Copywriting

Win of the Week: Subtle Changes Make a Big Difference in CTR

August 31, 2011 Posted In: Copywriting Comments: 4

Which of the two ads below do you think performed better? Both used the same title text and URL (which is why the URL is not included in the images below). The body copy is the only difference between the two ads.

Look closely and you'll notice the ads are quite similar. They include the same basic ideas, the same numbers. They both include an exclamation point at the end of the second line of body copy. And yet, despite their similarities, one of these ads increased CTR by 111%. Can you guess which one?

 

PPC Ad #1
Bike Tours - Ad #1
PPC Ad #2
Bike Tours - Ad #2

 

Because of the similarities, it's harder than normal to guess the correct winner. It's unusual to see such a big difference between two ads that are so similar.

Alright, enough suspense. In this particular contest, the new winner is ad number one. The winning ad was written by "Vigor," and, as mentioned above, it increased CTR by 111%.

So why did the new ad generate twice as many clicks as the original ad?

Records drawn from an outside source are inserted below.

(* If $2\le n\le5$, then $\Gamma=\mathrm{Q}$. If $n=6$, then $\Gamma\ne\mathrm{Q}$.
   Context: Let $\mathrm{C}$ be either the real Clifford algebra $C\ell_{p,q}$ with $p+q=n$, or the complex Clifford algebra $C\ell(\mathbb{C}^n)$. It has identity $e$ and generators $e_1,\dots,e_n$ satisfying $e_ae_b+e_be_a=2\eta_{ab}e$. In the real case $\eta=\mathrm{diag}(1,\dots,1,-1,\dots,-1)$ with $p$ entries $+1$ and $q$ entries $-1$. In the complex case $\eta=I_n$. $\mathrm{C}^k$ is the grade-$k$ subspace, spanned by the products $e_{a_1}\cdots e_{a_k}$ with $a_1<\dots<a_k$. The even subspace is $\mathrm{C}^{(0)}=\bigoplus_{k\text{ even}}\mathrm{C}^k$ and the odd subspace is $\mathrm{C}^{(1)}=\bigoplus_{k\text{ odd}}\mathrm{C}^k$. The reversion $U\mapsto\tilde U$ is the linear anti-automorphism acting on $\mathrm{C}^k$ as $(-1)^{k(k-1)/2}$. For $S\subseteq\mathrm{C}$, $S^\times$ is the set of elements of $S$ invertible in $\mathrm{C}$, and $\mathrm{C}^{\times(j)}:=(\mathrm{C}^{(j)})^\times$. $\mathrm{Z}$ is the center: $\mathrm{Z}=\mathrm{C}^0$ for $n$ even and $\mathrm{Z}=\mathrm{C}^0\oplus\mathrm{C}^n$ for $n$ odd. Define: <ul> <li>the Clifford group $\Gamma=\{T\in\mathrm{C}^\times: T\,\mathrm{C}^1\,T^{-1}\subseteq\mathrm{C}^1\}$;</li> <li>$\mathrm{P}:=\mathrm{Z}^\times(\mathrm{C}^{\times(0)}\cup\mathrm{C}^{\times(1)})=\{WT: W\in\mathrm{Z}^\times, T\in\mathrm{C}^{\times(0)}\cup\mathrm{C}^{\times(1)}\}$;</li> <li>$\mathrm{Q}:=\{T\in\mathrm{P}:\tilde TT\in\mathrm{Z}^\times\}$.</li> </ul> *)

theory Defs
  imports Main "HOL-Complex_Analysis.Complex_Analysis"
begin

text \<open>Clifford algebra with generators e_0,...,e_(n-1) over a field 'a, with
  e_a e_b + e_b e_a = 2 eta(a) delta_ab e.  An element is represented by its coefficient
  function on basis blades e_A (A a subset of {0..<n}, product in increasing order).\<close>

type_synonym 'a mvec = "nat set \<Rightarrow> 'a"

definition cl_space :: "nat \<Rightarrow> ('a::field) mvec set" where
  "cl_space n = {x. \<forall>A. x A \<noteq> 0 \<longrightarrow> A \<subseteq> {..<n}}"

text \<open>Coefficient in e_A e_B = blade_coeff eta A B * e_(A symmetric-difference B).\<close>
definition blade_coeff :: "(nat \<Rightarrow> 'a::field) \<Rightarrow> nat set \<Rightarrow> nat set \<Rightarrow> 'a" where
  "blade_coeff eta A B =
     (-1) ^ card {(a, b). a \<in> A \<and> b \<in> B \<and> b < a} * (\<Prod>a\<in>A \<inter> B. eta a)"

definition cl_mult :: "(nat \<Rightarrow> 'a::field) \<Rightarrow> nat \<Rightarrow> 'a mvec \<Rightarrow> 'a mvec \<Rightarrow> 'a mvec" where
  "cl_mult eta n x y = (\<lambda>C. \<Sum>A\<in>Pow {..<n}. \<Sum>B\<in>Pow {..<n}.
      if (A - B) \<union> (B - A) = C then x A * y B * blade_coeff eta A B else 0)"

definition cl_one :: "('a::field) mvec" where
  "cl_one = (\<lambda>A. if A = {} then 1 else 0)"

definition cl_invertible :: "(nat \<Rightarrow> 'a::field) \<Rightarrow> nat \<Rightarrow> 'a mvec \<Rightarrow> bool" where
  "cl_invertible eta n x \<longleftrightarrow> x \<in> cl_space n \<and>
     (\<exists>y\<in>cl_space n. cl_mult eta n x y = cl_one \<and> cl_mult eta n y x = cl_one)"

definition cl_inv :: "(nat \<Rightarrow> 'a::field) \<Rightarrow> nat \<Rightarrow> 'a mvec \<Rightarrow> 'a mvec" where
  "cl_inv eta n x = (SOME y. y \<in> cl_space n \<and> cl_mult eta n x y = cl_one \<and> cl_mult eta n y x = cl_one)"

definition cl_units :: "(nat \<Rightarrow> 'a::field) \<Rightarrow> nat \<Rightarrow> 'a mvec set \<Rightarrow> 'a mvec set" where
  "cl_units eta n S = {x \<in> S. cl_invertible eta n x}"

definition cl_grade :: "nat \<Rightarrow> nat \<Rightarrow> ('a::field) mvec set" where
  "cl_grade n k = {x \<in> cl_space n. \<forall>A. x A \<noteq> 0 \<longrightarrow> card A = k}"

definition cl_even :: "nat \<Rightarrow> ('a::field) mvec set" where
  "cl_even n = {x \<in> cl_space n. \<forall>A. x A \<noteq> 0 \<longrightarrow> even (card A)}"

definition cl_odd :: "nat \<Rightarrow> ('a::field) mvec set" where
  "cl_odd n = {x \<in> cl_space n. \<forall>A. x A \<noteq> 0 \<longrightarrow> odd (card A)}"

definition cl_rev :: "('a::field) mvec \<Rightarrow> 'a mvec" where
  "cl_rev x = (\<lambda>A. (-1) ^ (card A * (card A - 1) div 2) * x A)"

definition cl_center :: "nat \<Rightarrow> ('a::field) mvec set" where
  "cl_center n = (if even n then cl_grade n 0
     else {x \<in> cl_space n. \<forall>A. x A \<noteq> 0 \<longrightarrow> card A = 0 \<or> card A = n})"

definition clifford_group :: "(nat \<Rightarrow> 'a::field) \<Rightarrow> nat \<Rightarrow> 'a mvec set" where
  "clifford_group eta n = {T \<in> cl_units eta n (cl_space n).
     \<forall>V\<in>cl_grade n 1. cl_mult eta n (cl_mult eta n T V) (cl_inv eta n T) \<in> cl_grade n 1}"

definition cl_P :: "(nat \<Rightarrow> 'a::field) \<Rightarrow> nat \<Rightarrow> 'a mvec set" where
  "cl_P eta n = {cl_mult eta n W T | W T. W \<in> cl_units eta n (cl_center n) \<and>
      T \<in> cl_units eta n (cl_even n) \<union> cl_units eta n (cl_odd n)}"

definition cl_Q :: "(nat \<Rightarrow> 'a::field) \<Rightarrow> nat \<Rightarrow> 'a mvec set" where
  "cl_Q eta n = {T \<in> cl_P eta n. cl_mult eta n (cl_rev T) T \<in> cl_units eta n (cl_center n)}"

definition real_sig :: "nat \<Rightarrow> nat \<Rightarrow> real" where
  "real_sig p a = (if a < p then 1 else -1)"
lemma X_diff_frame: "X t - X s = (u t - u s) *\<^sub>R T0 + (v t - v s) *\<^sub>R N0"
  using frame.frame_decomp[of "X t - X s"] by (simp add: u_def v_def inner_diff_left)

lemma u_deriv: "s \<in> I \<Longrightarrow> (u has_real_derivative p s) (at s)"
  unfolding u_def p_def inner_diff_left
  by (auto intro!: derivative_eq_intros has_real_derivative_inner_const X_deriv)

lemma v_deriv: "s \<in> I \<Longrightarrow> (v has_real_derivative q s) (at s)"
  unfolding v_def q_def inner_diff_left
  by (auto intro!: derivative_eq_intros has_real_derivative_inner_const X_deriv)

lemma q_deriv: "s \<in> I \<Longrightarrow> (q has_real_derivative X2 s \<bullet> N0) (at s)"
  unfolding q_def by (rule has_real_derivative_inner_const[OF X1_deriv])

lemma isCont_p: "s \<in> I \<Longrightarrow> isCont p s"
  unfolding p_def by (intro continuous_intros has_vector_derivative_continuous[OF X1_deriv])

lemma u_s0 [simp]: "u s0 = 0" and v_s0 [simp]: "v s0 = 0"
  and p_s0 [simp]: "p s0 = 1" and q_s0 [simp]: "q s0 = 0"
  by (simp_all add: u_def v_def p_def q_def flip: T0_def)

lemma kappa_eq: "\<kappa> = X2 s0 \<bullet> N0"
  by (simp add: \<kappa>_def curvature_def D2_eq s0_in_I N0_def)

lemma kappa_pos: "\<kappa> > 0"
  using curvature_pos by (simp add: \<kappa>_def)

text \<open>The line at height h meets the curve at parameters s0 \<mp> c \<surd>h + o(\<surd>h).\<close>
definition "c = sqrt (2 / \<kappa>)"

lemma c_pos: "c > 0" and kappa_c_sq: "\<kappa> * c\<^sup>2 = 2"
  using kappa_pos by (simp_all add: c_def)

lemma exists_window: "\<exists>\<delta>>0. \<forall>s. \<bar>s - s0\<bar> \<le> \<delta> \<longrightarrow> s \<in> I \<and> p s > 0 \<and> X2 s \<bullet> N0 > 0"
proof -
  have p_nhds: "(p \<longlongrightarrow> p s0) (nhds s0)"
    using isCont_p[OF s0_in_I] unfolding isCont_def tendsto_at_iff_tendsto_nhds .
  have X2_nhds: "((\<lambda>s. X2 s \<bullet> N0) \<longlongrightarrow> X2 s0 \<bullet> N0) (nhds s0)"
    using X2_cont[OF s0_in_I] unfolding isCont_def tendsto_at_iff_tendsto_nhds
    by (intro tendsto_intros)
  have "eventually (\<lambda>s. s \<in> I) (nhds s0)"
    using open_I s0_in_I by (rule eventually_nhds_in_open)
  moreover have "eventually (\<lambda>s. p s > 0) (nhds s0)"
    using p_nhds by (rule order_tendstoD) simp
  moreover have "eventually (\<lambda>s. X2 s \<bullet> N0 > 0) (nhds s0)"
    using X2_nhds by (rule order_tendstoD) (use kappa_pos kappa_eq in simp)
  ultimately have "eventually (\<lambda>s. s \<in> I \<and> p s > 0 \<and> X2 s \<bullet> N0 > 0) (nhds s0)"
    by eventually_elim blast
  then show ?thesis
    unfolding eventually_nhds_metric_le by (simp add: dist_real_def)
qed
(* Let $(\mathcal{C},P)$ be an eaco and suppose $\mathcal{C}$ has a stable initial object $0$. Then $P(0)$ is a singleton.
   Context: A doctrine is a pair $(\mathcal{C},P)$, $\mathcal{C}$ a category with finite products, $P:\mathcal{C}^{op}\to\mathbf{Pos}$ a functor, $f^*=P(f)$; primary: each $P(A)$ has binary meets preserved by each $f^*$. Elementary: primary and for every $A$ there is $\delta_A\in P(A\times A)$ such that for every $X$ the assignment $\psi\mapsto\langle\pi_1,\pi_2\rangle^*\psi\wedge\langle\pi_2,\pi_3\rangle^*\delta_A$ ($\pi_i$ the projections of $X\times A\times A$) is a left adjoint $P(X\times A)\to P(X\times A\times A)$ to $(id_X\times\Delta_A)^*$. Graph of $f:X\to A$: $\mathcal{G}(f)=(f\times id_A)^*\delta_A\in P(X\times A)$. Stable initial object: initial $0$ with $X\times0\cong0$ for all $X$. AC: for every $A$ not a stable initial object and every $\Gamma$, $\pi_\Gamma^*$ ($\pi_\Gamma:\Gamma\times A\to\Gamma$) has a left adjoint $\Sigma_{\pi_\Gamma}$ and for every $\psi\in P(\Gamma\times A)$ there is a chosen $\epsilon_\psi:\Gamma\to A$ with $\Sigma_{\pi_\Gamma}\psi=\langle id_\Gamma,\epsilon_\psi\rangle^*\psi$ (also used with the factors swapped: for $\psi\in P(B\times\Gamma)$, $\epsilon_\psi:\Gamma\to B$ with $\Sigma_{\pi_\Gamma}\psi=\langle\epsilon_\psi,id_\Gamma\rangle^*\psi$). Co-comprehension: every $P(A)$ has a bottom $\bot_A$ and for each $\alpha\in P(A)$ there is $\lceil\alpha\rceil:\{\alpha\}^o\to A$ with $\lceil\alpha\rceil^*\alpha=\bot$ such that every $f:Y\to A$ with $f^*\alpha=\bot_Y$ factors uniquely through $\lceil\alpha\rceil$; full if whenever $\lceil\beta\rceil$ factors through $\lceil\alpha\rceil$ then $\alpha\le\beta$. An eaco is an elementary doctrine with full co-comprehension satisfying AC such that for every $f:X\to A$ and $\alpha\in P(A)$: $f^*\langle\epsilon_{\mathcal{G}(\lceil\alpha\rceil)},id_A\rangle^*\mathcal{G}(\lceil\alpha\rceil)=\langle\epsilon_{\mathcal{G}(\lceil f^*\alpha\rceil)},id_X\rangle^*\mathcal{G}(\lceil f^*\alpha\rceil)$, where $\mathcal{G}(\lceil\alpha\rceil)\in P(\{\alpha\}^o\times A)$ and $\epsilon_{\mathcal{G}(\lceil\alpha\rceil)}:A\to\{\alpha\}^o$ is the AC witness with respect to the projection $\{\alpha\}^o\times A\to A$. *)

theory Defs
  imports Main
begin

Let's take a look at the subtle-but-significant differences...

1. The losing ad uses a run-on sentence. There is no punctuation between the first and second line of copy, even though each line is its own sentence. This hurts readability. Not only that, the word "Available" is a wasted word. It contributes no additional meaning and should be deleted or replaced.

2. The new ad uses a single sentence that takes up both lines of body copy. This sentence flows better and may be a factor in why it increased CTR.

3. Rather than lead with a number, the winning ad leads with a powerful imperative verb: "Discover." The command to discover triggers the imagination and taps into the emotion of taking a bike tour of Europe. After all, isn't a European bike tour primarily about discovery?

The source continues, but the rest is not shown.